Impossible de lire une publication sur les nouveaux modèles économiques sans tomber sur la formule obscure de “business model (ou modèle économique) scalable”. Par « scalable » on entend « capable de passer à l’échelle », mais le concept est rarement défini. Il est important car il différencie à juste titre les startups des autres types d’entreprises. Un modèle économique scalable permet d’atteindre les “rendements croissants” caractéristiques d’une jeune pousse. Dans un modèle scalable, plus l’activité se développe, plus la rentabilité est importante, de manière non linéaire et sans effet de palier. Mais comme on ne peut pas définir un concept par son résultat, j’ai préféré partir d’un exemple concret et le comparer aux modèles non-scalables qu’il vient concurrencer.

L’exemple choisi n’est pas anodin : je vais analyser le modèle économique d’Uber, et le comparer aux modèles classiques du transport, le “modèle RATP”, ainsi qu’à un modèle plus élaboré mais toujours pas scalable, le “modèle TGV”. J’espère en décryptant ces trois exemples vous aider à comprendre ce qu’est la scalabilité, et plus globalement ce que recherchent les startups par rapport aux entreprises “classiques” (pour les puristes, je ne détaillerai pas ici les business models au sens du “business model canvas” mais simplement leurs éléments essentiels).

1. Le modèle Uber

Je m’appuierai pour cette explication sur un schéma de David Sacks, fondateur de Yammer et ex-COO de Paypal. J’ai utilisé en 2014 ce schéma dans une présentation qui détaille les clés du succès de Uber, Blablacar et Airbnb (à découvrir ici). Il est temps maintenant de la décrypter point par point.

Dans un modèle de plateforme comme celui d’Uber, les forces de production (les conducteurs) sont des professionnels indépendants ou des particuliers. Ils doivent répondre à des contraintes – être titulaire d’un permis de conduire, posséder un véhicule, avoir un casier vierge,… – dont ils portent seuls la responsabilité. Non seulement leur coût unitaire, à l’instar d’autres travailleurs indépendants, est plus faible que celui d’un salarié, mais leur capacité de production est totalement « liquide » : on parle de travail « à la demande » ou « à la pige » (gig economy). Ils ne sont payés que quand ils travaillent, et ne coûtent rien au client (ni à la plateforme) quand ils ne travaillent pas.

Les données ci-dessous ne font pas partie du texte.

definition has_induced :: "'a set \<Rightarrow> ('a \<Rightarrow> 'a \<Rightarrow> bool) \<Rightarrow> 'b set \<Rightarrow> ('b \<Rightarrow> 'b \<Rightarrow> bool) \<Rightarrow> bool" where
  "has_induced V E HV HE \<longleftrightarrow> (\<exists>f. inj_on f HV \<and> f ` HV \<subseteq> V \<and>
      (\<forall>u\<in>HV. \<forall>v\<in>HV. HE u v \<longleftrightarrow> E (f u) (f v)))"

definition path_E :: "nat \<Rightarrow> nat \<Rightarrow> nat \<Rightarrow> bool" where
  "path_E k i j \<longleftrightarrow> i < k \<and> j < k \<and> (i = j + 1 \<or> j = i + 1)"

definition cycle_E :: "nat \<Rightarrow> nat \<Rightarrow> nat \<Rightarrow> bool" where
  "cycle_E k i j \<longleftrightarrow> i < k \<and> j < k \<and> i \<noteq> j \<and> ((i + 1) mod k = j \<or> (j + 1) mod k = i)"

(* 2P_3 on {0..<6}: paths 0-1-2 and 3-4-5 *)
definition twoP3_E :: "nat \<Rightarrow> nat \<Rightarrow> bool" where
  "twoP3_E i j \<longleftrightarrow> path_E 3 i j \<or> (i \<ge> 3 \<and> j \<ge> 3 \<and> path_E 3 (i - 3) (j - 3))"

(* 3-pentagon on {0..<7}: a = 0, b_i = i (i=1,2,3), c_i = i+3 *)
definition pent3_edge :: "nat \<Rightarrow> nat \<Rightarrow> bool" where
  "pent3_edge i j \<longleftrightarrow> (i = 0 \<and> j \<in> {1,2,3}) \<or> (i \<in> {4,5,6} \<and> j \<in> {4,5,6} \<and> i \<noteq> j)
     \<or> (i \<in> {1,2,3} \<and> j = i + 3)"

definition pent3_E :: "nat \<Rightarrow> nat \<Rightarrow> bool" where
  "pent3_E i j \<longleftrightarrow> pent3_edge i j \<or> pent3_edge j i"

definition interior :: "'a list \<Rightarrow> 'a list" where
  "interior xs = butlast (tl xs)"

definition path_adj :: "'a list \<Rightarrow> 'a \<Rightarrow> 'a \<Rightarrow> bool" where
  "path_adj xs x y \<longleftrightarrow> (\<exists>k. Suc k < length xs \<and>
      ((xs ! k = x \<and> xs ! Suc k = y) \<or> (xs ! k = y \<and> xs ! Suc k = x)))"

(* The induced subgraph G[S] is (isomorphic to) a subdivision of the base graph K with
   vertex set KV and edge list es: \<phi> maps branch vertices, P i is the path replacing es!i. *)
definition subdiv_in :: "('a \<Rightarrow> 'a \<Rightarrow> bool) \<Rightarrow> 'a set \<Rightarrow> nat set \<Rightarrow> (nat \<times> nat) list
      \<Rightarrow> (nat \<Rightarrow> 'a) \<Rightarrow> (nat \<Rightarrow> 'a list) \<Rightarrow> bool" where
  "subdiv_in E S KV es \<phi> P \<longleftrightarrow>
     inj_on \<phi> KV \<and>
     (\<forall>i<length es. fst (es ! i) \<in> KV \<and> snd (es ! i) \<in> KV \<and> distinct (P i) \<and> length (P i) \<ge> 2
        \<and> hd (P i) = \<phi> (fst (es ! i)) \<and> last (P i) = \<phi> (snd (es ! i))
        \<and> (\<forall>x\<in>set (interior (P i)). x \<notin> \<phi> ` KV)) \<and>
     (\<forall>i<length es. \<forall>j<length es. i \<noteq> j \<longrightarrow> set (interior (P i)) \<inter> set (interior (P j)) = {}) \<and>
     S = \<phi> ` KV \<union> (\<Union>i<length es. set (P i)) \<and>
     (\<forall>x\<in>S. \<forall>y\<in>S. E x y \<longleftrightarrow> (\<exists>i<length es. path_adj (P i) x y))"

(* K_{2,3}: sides {0,1} and {2,3,4} *)
definition K23_edges :: "(nat \<times> nat) list" where
  "K23_edges = [(0,2),(0,3),(0,4),(1,2),(1,3),(1,4)]"

(* K_4 on {0,1,2,3}; indices 0,1,2 form the triangle {0,1,2} *)
definition K4_edges :: "(nat \<times> nat) list" where
  "K4_edges = [(0,1),(1,2),(0,2),(0,3),(1,3),(2,3)]"

(* complement of C_6 (cycle 0-1-2-3-4-5-0): triangles {0,2,4},{1,3,5} (indices 0..5),
   matching edges (0,3),(1,4),(2,5) (indices 6,7,8) *)
definition C6bar_edges :: "(nat \<times> nat) list" where
  "C6bar_edges = [(0,2),(2,4),(0,4),(1,3),(3,5),(1,5),(0,3),(1,4),(2,5)]"

definition is_theta :: "('a \<Rightarrow> 'a \<Rightarrow> bool) \<Rightarrow> 'a set \<Rightarrow> bool" where
  "is_theta E S \<longleftrightarrow> (\<exists>\<phi> P. subdiv_in E S {0..4} K23_edges \<phi> P)"

definition is_pyramid :: "('a \<Rightarrow> 'a \<Rightarrow> bool) \<Rightarrow> 'a set \<Rightarrow> bool" where
  "is_pyramid E S \<longleftrightarrow> (\<exists>\<phi> P. subdiv_in E S {0..3} K4_edges \<phi> P
      \<and> length (P 0) = 2 \<and> length (P 1) = 2 \<and> length (P 2) = 2
      \<and> card {i \<in> {3,4,5}. length (P i) \<ge> 3} \<ge> 2)"

definition is_prism :: "('a \<Rightarrow> 'a \<Rightarrow> bool) \<Rightarrow> 'a set \<Rightarrow> bool" where
  "is_prism E S \<longleftrightarrow> (\<exists>\<phi> P. subdiv_in E S {0..5} C6bar_edges \<phi> P
      \<and> (\<forall>i<6. length (P i) = 2))"

definition has_3PC :: "'a set \<Rightarrow> ('a \<Rightarrow> 'a \<Rightarrow> bool) \<Rightarrow> bool" where
  "has_3PC V E \<longleftrightarrow> (\<exists>S\<subseteq>V. is_theta E S \<or> is_pyramid E S \<or> is_prism E S)"

definition hole :: "('a \<Rightarrow> 'a \<Rightarrow> bool) \<Rightarrow> 'a list \<Rightarrow> bool" where
  "hole E cs \<longleftrightarrow> distinct cs \<and> length cs \<ge> 4 \<and>
     (\<forall>i<length cs. \<forall>j<length cs. E (cs ! i) (cs ! j) \<longleftrightarrow> cycle_E (length cs) i j)"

business-model-Uber 1 - 15marches

Le cercle proposé ci-dessus indique donc logiquement qu’à une hausse de la demande répond une hausse de l’offre, ce qui se traduit en matière de transport par une meilleure couverture géographique (et temporelle), ce qui réduit le temps d’attente du voyageur et augmente sa satisfaction : c’est le cercle vertueux qui permet à la demande initiale de générer de la demande supplémentaire. La spécificité du modèle mis en place par Uber est qu’il adjoint à ce premier cercle un second (à gauche), par lequel la hausse de la demande pour les conducteurs leur permet d’effectuer plus de courses par jour (ou par heure), ce qui permet à Uber de baisser les tarifs unitaires par course. Qui dit baisse des tarifs dit hausse de la demande, grâce à la fameuse élasticité de la demande au prix enseignée dans toutes les bonnes facultés d’économie. Pour celles et ceux qui ne croient pas à la « main invisible » qui semble parfaire ce modèle, j’ai ajouté ci-dessous certains éléments pour mieux comprendre le système mis en place.business-model-Uber 2 - 15marches

Tout d’abord, Uber n’est pas Le Bon Coin : la plateforme ne se contente pas de mettre face à face offre et demande. La « meilleure couverture géographique » est améliorée par des recommandations de localisation que les conducteurs reçoivent directement sur leur appli (qui n’est pas la même que la vôtre). Ensuite, elle fixe elle-même les tarifs. Contrairement aux taxis qui appliquent des prix fixés par arrêté préfectoral, Uber développe des algorithmes complexes capables d’adapter les tarifs en temps réel en fonction de la demande. Ce système, baptisé surge price, a une double vertu : la hausse des tarifs « lisse » la demande en décourageant les clients de se déplacer à certaines périodes/dans certains lieux, et elle encourage les conducteurs à travailler durant ces périodes (pensez au soir de Noël). Évidemment, tout cela est possible grâce à la géolocalisation des véhicules et des clients, et l’utilisation de modèles mathématiques analytiques et prédictifs (appelez ça big data si vous voulez). Dans une étude de 2014, les ingénieurs d’Uber ont démontré qu’ils étaient capables de prévoir 3 déplacements sur 4 d’une semaine sur l’autre à San Francisco.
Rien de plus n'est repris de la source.